- **TO DO**:
Each record should be copied exactly, and none of them omitted.

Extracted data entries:
%%

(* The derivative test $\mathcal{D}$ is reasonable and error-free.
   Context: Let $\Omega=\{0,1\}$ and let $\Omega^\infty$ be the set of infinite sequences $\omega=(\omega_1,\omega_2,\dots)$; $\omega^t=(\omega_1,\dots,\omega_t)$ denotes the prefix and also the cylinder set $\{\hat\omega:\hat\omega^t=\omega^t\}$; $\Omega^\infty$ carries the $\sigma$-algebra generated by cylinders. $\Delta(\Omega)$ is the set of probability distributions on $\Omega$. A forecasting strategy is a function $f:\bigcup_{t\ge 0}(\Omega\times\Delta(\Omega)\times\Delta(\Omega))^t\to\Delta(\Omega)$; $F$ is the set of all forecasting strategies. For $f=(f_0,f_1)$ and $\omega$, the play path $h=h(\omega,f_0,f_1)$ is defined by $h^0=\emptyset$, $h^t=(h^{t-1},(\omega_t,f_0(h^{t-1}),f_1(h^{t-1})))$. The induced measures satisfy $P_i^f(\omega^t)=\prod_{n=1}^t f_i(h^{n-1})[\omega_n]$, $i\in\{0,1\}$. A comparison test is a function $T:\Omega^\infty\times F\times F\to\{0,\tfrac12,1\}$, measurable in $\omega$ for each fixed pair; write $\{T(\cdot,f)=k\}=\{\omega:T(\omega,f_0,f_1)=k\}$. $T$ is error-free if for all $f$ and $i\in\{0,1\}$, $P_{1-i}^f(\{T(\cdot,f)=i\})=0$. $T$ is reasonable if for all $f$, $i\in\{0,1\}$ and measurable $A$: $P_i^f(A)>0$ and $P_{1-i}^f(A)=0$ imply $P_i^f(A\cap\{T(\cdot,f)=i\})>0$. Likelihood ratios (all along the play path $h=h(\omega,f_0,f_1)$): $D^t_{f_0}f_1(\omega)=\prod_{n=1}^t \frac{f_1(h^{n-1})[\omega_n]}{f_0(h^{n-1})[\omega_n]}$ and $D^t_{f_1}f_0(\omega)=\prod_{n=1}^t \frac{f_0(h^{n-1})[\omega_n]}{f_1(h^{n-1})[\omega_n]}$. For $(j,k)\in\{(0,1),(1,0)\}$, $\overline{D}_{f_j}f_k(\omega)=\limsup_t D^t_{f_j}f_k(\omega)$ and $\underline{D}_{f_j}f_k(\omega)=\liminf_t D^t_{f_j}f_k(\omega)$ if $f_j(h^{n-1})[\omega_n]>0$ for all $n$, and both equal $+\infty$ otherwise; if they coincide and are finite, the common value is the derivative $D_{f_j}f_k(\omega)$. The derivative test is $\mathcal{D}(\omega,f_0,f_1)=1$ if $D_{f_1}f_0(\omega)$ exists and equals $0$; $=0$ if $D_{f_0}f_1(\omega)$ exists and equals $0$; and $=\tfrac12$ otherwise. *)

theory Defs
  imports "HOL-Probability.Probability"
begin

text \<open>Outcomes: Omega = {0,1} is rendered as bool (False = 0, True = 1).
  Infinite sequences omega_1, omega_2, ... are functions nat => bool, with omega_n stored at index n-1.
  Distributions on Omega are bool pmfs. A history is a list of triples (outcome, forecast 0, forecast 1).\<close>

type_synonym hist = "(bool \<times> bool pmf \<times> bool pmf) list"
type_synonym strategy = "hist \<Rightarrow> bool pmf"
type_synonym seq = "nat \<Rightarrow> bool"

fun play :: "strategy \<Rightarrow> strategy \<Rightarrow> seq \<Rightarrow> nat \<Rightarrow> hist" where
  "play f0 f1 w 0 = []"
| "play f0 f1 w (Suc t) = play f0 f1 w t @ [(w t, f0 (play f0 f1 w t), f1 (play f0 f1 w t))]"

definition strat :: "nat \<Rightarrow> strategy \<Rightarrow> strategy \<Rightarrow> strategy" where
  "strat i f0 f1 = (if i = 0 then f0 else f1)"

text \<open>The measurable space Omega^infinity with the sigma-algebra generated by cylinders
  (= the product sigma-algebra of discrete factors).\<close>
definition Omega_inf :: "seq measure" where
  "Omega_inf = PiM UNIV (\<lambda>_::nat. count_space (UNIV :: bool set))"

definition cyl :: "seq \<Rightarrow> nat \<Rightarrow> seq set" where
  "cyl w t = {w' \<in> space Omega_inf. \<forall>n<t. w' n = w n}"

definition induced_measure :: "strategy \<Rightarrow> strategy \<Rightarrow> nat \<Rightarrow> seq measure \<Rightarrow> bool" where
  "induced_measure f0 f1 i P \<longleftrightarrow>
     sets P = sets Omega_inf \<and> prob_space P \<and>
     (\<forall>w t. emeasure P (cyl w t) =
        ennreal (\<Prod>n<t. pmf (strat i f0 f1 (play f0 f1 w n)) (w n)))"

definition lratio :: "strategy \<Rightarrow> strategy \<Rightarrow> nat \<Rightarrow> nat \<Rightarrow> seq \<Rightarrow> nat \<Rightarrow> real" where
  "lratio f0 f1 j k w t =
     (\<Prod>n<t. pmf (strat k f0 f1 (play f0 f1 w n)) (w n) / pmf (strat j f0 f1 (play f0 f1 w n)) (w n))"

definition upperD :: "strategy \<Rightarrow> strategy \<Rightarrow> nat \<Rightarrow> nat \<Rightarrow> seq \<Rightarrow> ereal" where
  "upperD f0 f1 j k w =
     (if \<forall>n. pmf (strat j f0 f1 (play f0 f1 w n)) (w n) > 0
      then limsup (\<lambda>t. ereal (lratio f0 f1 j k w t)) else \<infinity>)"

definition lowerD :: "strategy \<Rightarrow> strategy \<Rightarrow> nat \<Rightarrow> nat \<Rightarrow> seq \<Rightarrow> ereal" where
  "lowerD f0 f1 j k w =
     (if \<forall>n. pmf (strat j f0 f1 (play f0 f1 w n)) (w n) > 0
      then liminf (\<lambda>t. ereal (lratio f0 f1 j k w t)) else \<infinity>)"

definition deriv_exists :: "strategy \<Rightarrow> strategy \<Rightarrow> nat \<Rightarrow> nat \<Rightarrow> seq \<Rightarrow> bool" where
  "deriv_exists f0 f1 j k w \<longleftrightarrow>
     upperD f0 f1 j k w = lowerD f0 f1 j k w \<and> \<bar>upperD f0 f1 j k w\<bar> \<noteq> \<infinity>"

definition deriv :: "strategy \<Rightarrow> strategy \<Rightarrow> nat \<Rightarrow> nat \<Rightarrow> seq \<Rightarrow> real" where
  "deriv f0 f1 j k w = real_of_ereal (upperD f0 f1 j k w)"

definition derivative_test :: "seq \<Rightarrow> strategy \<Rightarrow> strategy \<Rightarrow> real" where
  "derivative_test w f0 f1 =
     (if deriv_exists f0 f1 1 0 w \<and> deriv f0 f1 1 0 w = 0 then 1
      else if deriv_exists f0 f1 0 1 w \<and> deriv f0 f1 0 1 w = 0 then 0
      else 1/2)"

%%

- **EXPECTED ANSWER**:
(* The derivative test $\mathcal{D}$ is reasonable and error-free.
   Context: Let $\Omega=\{0,1\}$ and let $\Omega^\infty$ be the set of infinite sequences $\omega=(\omega_1,\omega_2,\dots)$; $\omega^t=(\omega_1,\dots,\omega_t)$ denotes the prefix and also the cylinder set $\{\hat\omega:\hat\omega^t=\omega^t\}$; $\Omega^\infty$ carries the $\sigma$-algebra generated by cylinders. $\Delta(\Omega)$ is the set of probability distributions on $\Omega$. A forecasting strategy is a function $f:\bigcup_{t\ge 0}(\Omega\times\Delta(\Omega)\times\Delta(\Omega))^t\to\Delta(\Omega)$; $F$ is the set of all forecasting strategies. For $f=(f_0,f_1)$ and $\omega$, the play path $h=h(\omega,f_0,f_1)$ is defined by $h^0=\emptyset$, $h^t=(h^{t-1},(\omega_t,f_0(h^{t-1}),f_1(h^{t-1})))$. The induced measures satisfy $P_i^f(\omega^t)=\prod_{n=1}^t f_i(h^{n-1})[\omega_n]$, $i\in\{0,1\}$. A comparison test is a function $T:\Omega^\infty\times F\times F\to\{0,\tfrac12,1\}$, measurable in $\omega$ for each fixed pair; write $\{T(\cdot,f)=k\}=\{\omega:T(\omega,f_0,f_1)=k\}$. $T$ is error-free if for all $f$ and $i\in\{0,1\}$, $P_{1-i}^f(\{T(\cdot,f)=i\})=0$. $T$ is reasonable if for all $f$, $i\in\{0,1\}$ and measurable $A$: $P_i^f(A)>0$ and $P_{1-i}^f(A)=0$ imply $P_i^f(A\cap\{T(\cdot,f)=i\})>0$. Likelihood ratios (all along the play path $h=h(\omega,f_0,f_1)$): $D^t_{f_0}f_1(\omega)=\prod_{n=1}^t \frac{f_1(h^{n-1})[\omega_n]}{f_0(h^{n-1})[\omega_n]}$ and $D^t_{f_1}f_0(\omega)=\prod_{n=1}^t \frac{f_0(h^{n-1})[\omega_n]}{f_1(h^{n-1})[\omega_n]}$. For $(j,k)\in\{(0,1),(1,0)\}$, $\overline{D}_{f_j}f_k(\omega)=\limsup_t D^t_{f_j}f_k(\omega)$ and $\underline{D}_{f_j}f_k(\omega)=\liminf_t D^t_{f_j}f_k(\omega)$ if $f_j(h^{n-1})[\omega_n]>0$ for all $n$, and both equal $+\infty$ otherwise; if they coincide and are finite, the common value is the derivative $D_{f_j}f_k(\omega)$. The derivative test is $\mathcal{D}(\omega,f_0,f_1)=1$ if $D_{f_1}f_0(\omega)$ exists and equals $0$; $=0$ if $D_{f_0}f_1(\omega)$ exists and equals $0$; and $=\tfrac12$ otherwise. *)

theory Defs
  imports "HOL-Probability.Probability"
begin

text \<open>Outcomes: Omega = {0,1} is rendered as bool (False = 0, True = 1).
  Infinite sequences omega_1, omega_2, ... are functions nat => bool, with omega_n stored at index n-1.
  Distributions on Omega are bool pmfs. A history is a list of triples (outcome, forecast 0, forecast 1).\<close>

type_synonym hist = "(bool \<times> bool pmf \<times> bool pmf) list"
type_synonym strategy = "hist \<Rightarrow> bool pmf"
type_synonym seq = "nat \<Rightarrow> bool"

fun play :: "strategy \<Rightarrow> strategy \<Rightarrow> seq \<Rightarrow> nat \<Rightarrow> hist" where
  "play f0 f1 w 0 = []"
| "play f0 f1 w (Suc t) = play f0 f1 w t @ [(w t, f0 (play f0 f1 w t), f1 (play f0 f1 w t))]"

definition strat :: "nat \<Rightarrow> strategy \<Rightarrow> strategy \<Rightarrow> strategy" where
  "strat i f0 f1 = (if i = 0 then f0 else f1)"

text \<open>The measurable space Omega^infinity with the sigma-algebra generated by cylinders
  (= the product sigma-algebra of discrete factors).\<close>
definition Omega_inf :: "seq measure" where
  "Omega_inf = PiM UNIV (\<lambda>_::nat. count_space (UNIV :: bool set))"

definition cyl :: "seq \<Rightarrow> nat \<Rightarrow> seq set" where
  "cyl w t = {w' \<in> space Omega_inf. \<forall>n<t. w' n = w n}"

definition induced_measure :: "strategy \<Rightarrow> strategy \<Rightarrow> nat \<Rightarrow> seq measure \<Rightarrow> bool" where
  "induced_measure f0 f1 i P \<longleftrightarrow>
     sets P = sets Omega_inf \<and> prob_space P \<and>
     (\<forall>w t. emeasure P (cyl w t) =
        ennreal (\<Prod>n<t. pmf (strat i f0 f1 (play f0 f1 w n)) (w n)))"

definition lratio :: "strategy \<Rightarrow> strategy \<Rightarrow> nat \<Rightarrow> nat \<Rightarrow> seq \<Rightarrow> nat \<Rightarrow> real" where
  "lratio f0 f1 j k w t =
     (\<Prod>n<t. pmf (strat k f0 f1 (play f0 f1 w n)) (w n) / pmf (strat j f0 f1 (play f0 f1 w n)) (w n))"

definition upperD :: "strategy \<Rightarrow> strategy \<Rightarrow> nat \<Rightarrow> nat \<Rightarrow> seq \<Rightarrow> ereal" where
  "upperD f0 f1 j k w =
     (if \<forall>n. pmf (strat j f0 f1 (play f0 f1 w n)) (w n) > 0
      then limsup (\<lambda>t. ereal (lratio f0 f1 j k w t)) else \<infinity>)"

definition lowerD :: "strategy \<Rightarrow> strategy \<Rightarrow> nat \<Rightarrow> nat \<Rightarrow> seq \<Rightarrow> ereal" where
  "lowerD f0 f1 j k w =
     (if \<forall>n. pmf (strat j f0 f1 (play f0 f1 w n)) (w n) > 0
      then liminf (\<lambda>t. ereal (lratio f0 f1 j k w t)) else \<infinity>)"

definition deriv_exists :: "strategy \<Rightarrow> strategy \<Rightarrow> nat \<Rightarrow> nat \<Rightarrow> seq \<Rightarrow> bool" where
  "deriv_exists f0 f1 j k w \<longleftrightarrow>
     upperD f0 f1 j k w = lowerD f0 f1 j k w \<and> \<bar>upperD f0 f1 j k w\<bar> \<noteq> \<infinity>"

definition deriv :: "strategy \<Rightarrow> strategy \<Rightarrow> nat \<Rightarrow> nat \<Rightarrow> seq \<Rightarrow> real" where
  "deriv f0 f1 j k w = real_of_ereal (upperD f0 f1 j k w)"

definition derivative_test :: "seq \<Rightarrow> strategy \<Rightarrow> strategy \<Rightarrow> real" where
  "derivative_test w f0 f1 =
     (if deriv_exists f0 f1 1 0 w \<and> deriv f0 f1 1 0 w = 0 then 1
      else if deriv_exists f0 f1 0 1 w \<and> deriv f0 f1 0 1 w = 0 then 0
      else 1/2)"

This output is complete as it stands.